Lucy Johnstone asks the question 'Does mental illness exist' in her IAI (Institute of Art and Ideas) article. Her answer leaves me with the question 'What is medical illness?'.
Lucy doesn't deny the reality of "suicidal despair, hearing hostile voices, crippling anxiety and mood swings". But she does not think these experiences should best be understood as mental illnesses/disorders. In fact she goes further and says that there's never been any evidence to support the idea that these "very real experiences" are best explained as medical disorders.
What she seems to mean by 'medical disorder' is a condition caused by physical pathology. Here, in a way, she follows Thomas Szasz, who thought mental illness is a myth. For Szasz, it was a misnomer to call mental illness an 'illness', because it's not an illness with physical lesions (see eg. previous post).
I agree with Lucy (and Szasz) that functional 'mental illnesses' are not "chemical imbalances, genetic flaws or other bodily malfunctions". Where I have difficulty with her (and Szasz's) view is that I think the best way to understand medicine is that it covers the treatment of both physical and mental illnesses (see eg. another previous post).
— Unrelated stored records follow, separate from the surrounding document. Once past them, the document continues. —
(* If $n\ge 1$ is odd, then $a_{2(2)}(n)=b_2(2n+1,n+1)$. More generally, let $m,\ell\geq 2$ and let $n\ge1$ be not divisible by $\ell$, with $n=\ell k+r$ for integers $k$ and $1\leq r<\ell$. Then \[a_{m(\ell)}(n)=a_{(m-1)(\ell)}(2n+\ell-r,\,n+\ell-r).\]
   Context: An $\ell$-regular partition is a partition with no part divisible by $\ell$. $a_{m(\ell)}(n)$ is the number of $\ell$-regular partitions of $n$ in which the smallest part occurs at least $m$ times. $a_{m(\ell)}(N,j)$ is the number of $\ell$-regular partitions of $N$ in which the smallest part occurs at least $m$ times and the largest part minus the smallest part equals $j$. $b_\ell(N,j)$ is the number of $\ell$-regular partitions of $N$ in which the largest part minus the smallest part equals $j$. *)

theory Defs
  imports Main "HOL-Library.Multiset"
begin

definition partitions :: "nat \<Rightarrow> nat multiset set" where
  "partitions N = {p. (\<forall>x\<in>#p. 0 < x) \<and> sum_mset p = N}"

definition regular :: "nat \<Rightarrow> nat multiset \<Rightarrow> bool" where
  "regular l p \<longleftrightarrow> (\<forall>x\<in>#p. \<not> l dvd x)"

definition smallest_part :: "nat multiset \<Rightarrow> nat" where
  "smallest_part p = Min (set_mset p)"

definition largest_part :: "nat multiset \<Rightarrow> nat" where
  "largest_part p = Max (set_mset p)"

definition a_reg :: "nat \<Rightarrow> nat \<Rightarrow> nat \<Rightarrow> nat" where
  "a_reg m l n = card {p \<in> partitions n. p \<noteq> {#} \<and> regular l p
                        \<and> m \<le> count p (smallest_part p)}"

definition a_reg2 :: "nat \<Rightarrow> nat \<Rightarrow> nat \<Rightarrow> nat \<Rightarrow> nat" where
  "a_reg2 m l N j = card {p \<in> partitions N. p \<noteq> {#} \<and> regular l p
                        \<and> m \<le> count p (smallest_part p)
                        \<and> largest_part p - smallest_part p = j}"

definition b_reg :: "nat \<Rightarrow> nat \<Rightarrow> nat \<Rightarrow> nat" where
  "b_reg l N j = card {p \<in> partitions N. p \<noteq> {#} \<and> regular l p
                        \<and> largest_part p - smallest_part p = j}"

end

theory Submission
  imports Defs
begin

text \<open>Remove one copy of the smallest part \<open>s\<close> of a partition of \<open>n\<close> and add a part \<open>s + j\<close>.
  If \<open>j \<ge> n\<close>, the new part dominates all remaining parts (which sum to \<open>n - s\<close>), so it is the
  largest part and the difference between largest and smallest part is exactly \<open>j\<close>; the smallest
  part survives because it occurred at least twice, and \<open>l dvd j\<close> keeps the new part \<open>l\<close>-regular.
  Replacing the largest part by a copy of the smallest inverts this. For \<open>n = l k + r\<close> take
  \<open>j = n + l - r = l (k + 1)\<close>; the first claim is the case \<open>m = l = 2\<close>, \<open>r = 1\<close>, because a
  nonempty partition always contains its smallest part at least once.\<close>

lemma smallest_part_in: "p \<noteq> {#} \<Longrightarrow> smallest_part p \<in># p"
  unfolding smallest_part_def by simp

lemma smallest_part_le: "x \<in># p \<Longrightarrow> smallest_part p \<le> x"
  unfolding smallest_part_def by simp

lemma smallest_part_eqI: "s \<in># p \<Longrightarrow> (\<And>x. x \<in># p \<Longrightarrow> s \<le> x) \<Longrightarrow> smallest_part p = s"
  unfolding smallest_part_def by (rule Min_eqI) auto

lemma largest_part_in: "p \<noteq> {#} \<Longrightarrow> largest_part p \<in># p"
  unfolding largest_part_def by simp

lemma largest_part_eqI: "L \<in># p \<Longrightarrow> (\<And>x. x \<in># p \<Longrightarrow> x \<le> L) \<Longrightarrow> largest_part p = L"
  unfolding largest_part_def by (rule Max_eqI) auto

lemma count_smallest_part_pos: "p \<noteq> {#} \<Longrightarrow> 0 < count p (smallest_part p)"
  using smallest_part_in by simp

lemma member_le_sum_mset: "x \<in># M \<Longrightarrow> x \<le> sum_mset (M :: nat multiset)"
  using sum_mset.remove[of x M] by simp

definition raise_smallest :: "nat \<Rightarrow> nat multiset \<Rightarrow> nat multiset" where
  "raise_smallest j p = add_mset (smallest_part p + j) (p - {#smallest_part p#})"

definition lower_largest :: "nat multiset \<Rightarrow> nat multiset" where
  "lower_largest q = add_mset (smallest_part q) (q - {#largest_part q#})"

lemma
  fixes p :: "nat multiset"
  assumes two: "2 \<le> count p (smallest_part p)" and j: "0 < j" "sum_mset p \<le> j"
  shows smallest_part_raise_smallest: "smallest_part (raise_smallest j p) = smallest_part p"
    and largest_part_raise_smallest: "largest_part (raise_smallest j p) = smallest_part p + j"
    and count_raise_smallest: "count (raise_smallest j p) (smallest_part p) = count p (smallest_part p) - 1"
    and sum_mset_raise_smallest: "sum_mset (raise_smallest j p) = sum_mset p + j"
    and lower_largest_raise_smallest: "lower_largest (raise_smallest j p) = p"
proof -
  let ?s = "smallest_part p"
  have s_in_rest: "?s \<in># p - {#?s#}"
    using two by (simp add: in_diff_count)
  then have s_in: "?s \<in># p"
    by (rule in_diffD)
  have rest_sum: "sum_mset (p - {#?s#}) + ?s = sum_mset p"
    using sum_mset.remove[OF s_in] by simp
  show smallest: "smallest_part (raise_smallest j p) = ?s"
    unfolding raise_smallest_def
    by (rule smallest_part_eqI) (use s_in_rest in \<open>auto dest: in_diffD intro: smallest_part_le\<close>)
  have "x \<le> ?s + j" if "x \<in># p - {#?s#}" for x
    using member_le_sum_mset[OF that] rest_sum j by linarith
  then show largest: "largest_part (raise_smallest j p) = ?s + j"
    unfolding raise_smallest_def by (intro largest_part_eqI) auto
  show "count (raise_smallest j p) ?s = count p ?s - 1"
    unfolding raise_smallest_def using j by simp
  show "sum_mset (raise_smallest j p) = sum_mset p + j"
    unfolding raise_smallest_def using rest_sum by simp
  show "lower_largest (raise_smallest j p) = p"
    unfolding lower_largest_def smallest largest
    by (simp add: raise_smallest_def s_in)
qed

lemma
  fixes q :: "nat multiset"
  assumes q: "q \<noteq> {#}" and j: "0 < j" "largest_part q - smallest_part q = j"
  shows smallest_part_lower_largest: "smallest_part (lower_largest q) = smallest_part q"
    and count_lower_largest: "count (lower_largest q) (smallest_part q) = count q (smallest_part q) + 1"
    and sum_mset_lower_largest: "sum_mset (lower_largest q) + j = sum_mset q"
    and raise_smallest_lower_largest: "raise_smallest j (lower_largest q) = q"
proof -
  let ?s = "smallest_part q" and ?L = "largest_part q"
  have L_in: "?L \<in># q" using largest_part_in[OF q] .
  have L_eq: "?L = ?s + j"
    using j smallest_part_le[OF L_in] by linarith
  show smallest: "smallest_part (lower_largest q) = ?s"
    unfolding lower_largest_def
    by (rule smallest_part_eqI) (auto dest: in_diffD intro: smallest_part_le)
  show "count (lower_largest q) ?s = count q ?s + 1"
    unfolding lower_largest_def using L_eq j by simp
  show "sum_mset (lower_largest q) + j = sum_mset q"
    unfolding lower_largest_def using sum_mset.remove[OF L_in] L_eq by simp
  show "raise_smallest j (lower_largest q) = q"
    unfolding raise_smallest_def smallest using L_in L_eq
    by (simp add: lower_largest_def)
qed

lemma a_reg_eq_a_reg2_raise:
  assumes m: "2 \<le> m" and j: "0 < j" "n \<le> j" and l: "l dvd j"
  shows "a_reg m l n = a_reg2 (m - 1) l (n + j) j"
proof -
  define A where "A = {p \<in> partitions n. p \<noteq> {#} \<and> regular l p \<and> m \<le> count p (smallest_part p)}"
  define B where "B = {q \<in> partitions (n + j). q \<noteq> {#} \<and> regular l q
                        \<and> m - 1 \<le> count q (smallest_part q)
                        \<and> largest_part q - smallest_part q = j}"
  have raise_in_B: "raise_smallest j p \<in> B" if "p \<in> A" for p
  proof -
    let ?s = "smallest_part p"
    have p: "p \<noteq> {#}" "\<forall>x\<in>#p. 0 < x" "sum_mset p = n" "regular l p" "m \<le> count p ?s"
      using that by (auto simp: A_def partitions_def)
    have "\<not> l dvd ?s + j"
      using p(4) smallest_part_in[OF p(1)] l by (auto simp: regular_def dvd_add_left_iff)
    then have "regular l (raise_smallest j p)"
      using p(4) by (auto simp: regular_def raise_smallest_def dest: in_diffD)
    moreover have "\<forall>x\<in>#raise_smallest j p. 0 < x"
      using p(2) j by (auto simp: raise_smallest_def dest: in_diffD)
    ultimately show ?thesis
      using p m j smallest_part_raise_smallest largest_part_raise_smallest
        count_raise_smallest sum_mset_raise_smallest
      by (auto simp: B_def partitions_def raise_smallest_def)
  qed
  have lower_in_A: "lower_largest q \<in> A" if "q \<in> B" for q
  proof -
    have q: "q \<noteq> {#}" "\<forall>x\<in>#q. 0 < x" "sum_mset q = n + j" "regular l q"
        "m - 1 \<le> count q (smallest_part q)" "largest_part q - smallest_part q = j"
      using that by (auto simp: B_def partitions_def)
    have "set_mset (lower_largest q) \<subseteq> set_mset q"
      using smallest_part_in[OF q(1)] by (auto simp: lower_largest_def dest: in_diffD)
    moreover have "sum_mset (lower_largest q) = n"
      using sum_mset_lower_largest[OF q(1) j(1) q(6)] q(3) by simp
    moreover have "m \<le> count (lower_largest q) (smallest_part (lower_largest q))"
      using count_lower_largest[OF q(1) j(1) q(6)] smallest_part_lower_largest[OF q(1) j(1) q(6)]
        q(5) m by simp
    moreover have "lower_largest q \<noteq> {#}"
      by (simp add: lower_largest_def)
    ultimately show ?thesis
      using q(2,4) by (auto simp: A_def partitions_def regular_def)
  qed
  have "bij_betw (raise_smallest j) A B"
  proof (rule bij_betw_byWitness[where f' = lower_largest])
    show "\<forall>p\<in>A. lower_largest (raise_smallest j p) = p"
      using m j by (auto simp: A_def partitions_def intro!: lower_largest_raise_smallest)
    show "\<forall>q\<in>B. raise_smallest j (lower_largest q) = q"
      using j by (auto simp: B_def intro!: raise_smallest_lower_largest)
  qed (use raise_in_B lower_in_A in auto)
  then show ?thesis
    unfolding a_reg_def a_reg2_def A_def B_def by (rule bij_betw_same_card)
qed

lemma a_reg2_one_eq_b_reg: "a_reg2 1 l N j = b_reg l N j"
  unfolding a_reg2_def b_reg_def
  using count_smallest_part_pos by (metis One_nat_def Suc_leI)

theorem theorem5p6:
  shows "(\<forall>n::nat. 1 \<le> n \<and> odd n \<longrightarrow> a_reg 2 2 n = b_reg 2 (2*n+1) (n+1))
       \<and> (\<forall>(m::nat) (l::nat) (n::nat) (k::nat) (r::nat).
            2 \<le> m \<and> 2 \<le> l \<and> 1 \<le> n \<and> \<not> l dvd n \<and> n = l*k + r \<and> 1 \<le> r \<and> r < l
            \<longrightarrow> a_reg m l n = a_reg2 (m-1) l (2*n + l - r) (n + l - r))"
proof (intro conjI allI impI)
  fix n :: nat
  assume "1 \<le> n \<and> odd n"
  then have "2 dvd n + 1" by simp
  then have "a_reg 2 2 n = a_reg2 1 2 (n + (n + 1)) (n + 1)"
    using a_reg_eq_a_reg2_raise[of 2 "n + 1" n 2] by simp
  then show "a_reg 2 2 n = b_reg 2 (2*n+1) (n+1)"
    using a_reg2_one_eq_b_reg[of 2 "2*n+1" "n+1"] by (simp add: mult_2)
next
  fix m l n k r :: nat
  assume h: "2 \<le> m \<and> 2 \<le> l \<and> 1 \<le> n \<and> \<not> l dvd n \<and> n = l*k + r \<and> 1 \<le> r \<and> r < l"
  then have j: "n + l - r = l * (k + 1)" and N: "2*n + l - r = n + (n + l - r)"
    by (simp_all add: algebra_simps)
  have "a_reg m l n = a_reg2 (m-1) l (n + (n + l - r)) (n + l - r)"
    by (rule a_reg_eq_a_reg2_raise) (use h j in auto)
  then show "a_reg m l n = a_reg2 (m-1) l (2*n + l - r) (n + l - r)"
    unfolding N .
qed

end
(* For every $n\ge 2$, the compact set $\widetilde\Gamma_n\subset\mathbb C^n$ is polynomially convex.
   Context: $\mathbb D$ is the open unit disc. $\widetilde{\mathbb G}_n=\{(y_1,\dots,y_{n-1},q)\in\mathbb C^n: q\in\mathbb D,\ y_j=\beta_j+\bar\beta_{n-j}q$ for some $\beta_j\in\mathbb C$ with $|\beta_j|+|\beta_{n-j}|<\binom{n}{j}$, $j=1,\dots,n-1\}$; $\widetilde\Gamma_n$ is its closure. A compact $K\subset\mathbb C^n$ is polynomially convex if for every $y\in\mathbb C^n\setminus K$ there is a polynomial $P$ in $n$ variables with $|P(y)|>\sup_{z\in K}|P(z)|$. *)

theory Defs
  imports "HOL-Analysis.Analysis"
begin

text \<open>Points of C^n are modelled as functions z :: nat \<Rightarrow> complex supported on {1..n};
  coordinates z 1, ..., z (n-1) are y_1, ..., y_(n-1) and z n is q.
  The topology is the product topology on nat \<Rightarrow> complex, which on this
  finite-dimensional carrier is the Euclidean topology of C^n.\<close>

definition Cn :: "nat \<Rightarrow> (nat \<Rightarrow> complex) set" where
  "Cn n = {z. \<forall>j. (j = 0 \<or> n < j) \<longrightarrow> z j = 0}"

definition G_tilde :: "nat \<Rightarrow> (nat \<Rightarrow> complex) set" where
  "G_tilde n = {z. z \<in> Cn n \<and> norm (z n) < 1 \<and>
     (\<exists>\<beta> :: nat \<Rightarrow> complex. \<forall>j\<in>{1..n-1}.
        z j = \<beta> j + cnj (\<beta> (n - j)) * z n \<and>
        norm (\<beta> j) + norm (\<beta> (n - j)) < real (n choose j))}"

definition Gamma_tilde :: "nat \<Rightarrow> (nat \<Rightarrow> complex) set" where
  "Gamma_tilde n = closure (G_tilde n)"

inductive_set poly_fun :: "nat \<Rightarrow> ((nat \<Rightarrow> complex) \<Rightarrow> complex) set" for n :: nat where
  const: "(\<lambda>z. c) \<in> poly_fun n"
| var: "j \<in> {1..n} \<Longrightarrow> (\<lambda>z. z j) \<in> poly_fun n"
| add: "P \<in> poly_fun n \<Longrightarrow> Q \<in> poly_fun n \<Longrightarrow> (\<lambda>z. P z + Q z) \<in> poly_fun n"
| mult: "P \<in> poly_fun n \<Longrightarrow> Q \<in> poly_fun n \<Longrightarrow> (\<lambda>z. P z * Q z) \<in> poly_fun n"

definition polynomially_convex :: "nat \<Rightarrow> (nat \<Rightarrow> complex) set \<Rightarrow> bool" where
  "polynomially_convex n K \<longleftrightarrow> K \<subseteq> Cn n \<and> compact K \<and>
     (\<forall>y \<in> Cn n - K. \<exists>P \<in> poly_fun n. norm (P y) > (SUP z\<in>K. norm (P z)))"

end

theory Submission
  imports Defs "HOL-Complex_Analysis.Complex_Analysis"
begin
In fact, our modern idea of physical pathology only really developed from the mid-nineteenth century with the correlation of pathological, including histological, findings with clinical symptoms (see eg. previous post). The problem for psychiatry was that it did not completely fit with this development of anatomoclinical thinking, which was of such importance for the advancement of modern medicine in general (see eg. another previous post). Modern psychiatry's always hankered after this identification with the rest of medicine. Most psychiatric illness is functional and not organic, in the sense of not having an identifiable physical lesion in the brain (see eg. yet another post). Lucy's correct that much of modern psychiatry assumes that physical pathology will be found to underly what is called 'mental illness'. It's always tended to believe this, but, in my view, thereby avoids philosophical issues about the mind-body problem and the nature of life in general (see eg. previous post).
I also agree with Lucy that psychiatric assessment is about formulation. It's not commonly appreciated that the standardising of procedures for history taking and mental state examination in psychiatry at the beginning of the 20th century was about formulation (see eg. previous post). What should be important in psychiatric assessment is helping people understand their problems. Reducing people's problems to brain disease has the potential to be stigmatising by turning people into objects.
I, therefore, understand Lucy's concern about psychiatric classification. I agree with her critique, if the aim of psychiatric classification is to create a functional diagnostic system based on biological markers. This was the original intention of DSM-5 and it failed (see eg. previous post). But Lucy seems to think that psychiatry needs to have a reliable and valid classificatory system to be a science. Following Peter Breggin, she argues that psychiatry is undermined by not being able to treat mental illness as physical illness.
Here, again, I have difficulty with her view. Any psychiatric classificatory system is merely descriptive, not aetiological, certainly not biologically-based in the sense of brain abnormalities (see eg. previous post). It needs to be understood for what it is, and there may well be nothing to be gained, or even harm caused, by using psychiatric labels. But sometimes it can be helpful to use words to describe mental states. This was in fact how modern psychiatry first started from the end of the eighteenth century by attempting to reason about madness (see eg. previous post). There will be inevitable uncertainty about using these descriptions of the ways in which people react to the situation in which they find themselves (see eg. another previous post). Of course brain abnormalities can cause psychotic symptoms as part of delirium or dementia (see eg. previous post). However, for the vast majority of psychiatric presentations, which are functional, we have to rely on our ability to identify patterns of responses if we are going to create any validity for a psychiatric diagnostic system (see eg. previous post). We are profoundly limited in what we can achieve and too much should not be made of these limitations.
I just worry that Lucy is making too much of this situation. Mental health practice is interdisciplinary but that doesn't mean it's not medical. I just think it's potentially misleading to suggest that what's identified as 'mental illness' may not be a medical problem. Medicine includes both physical and mental aspects.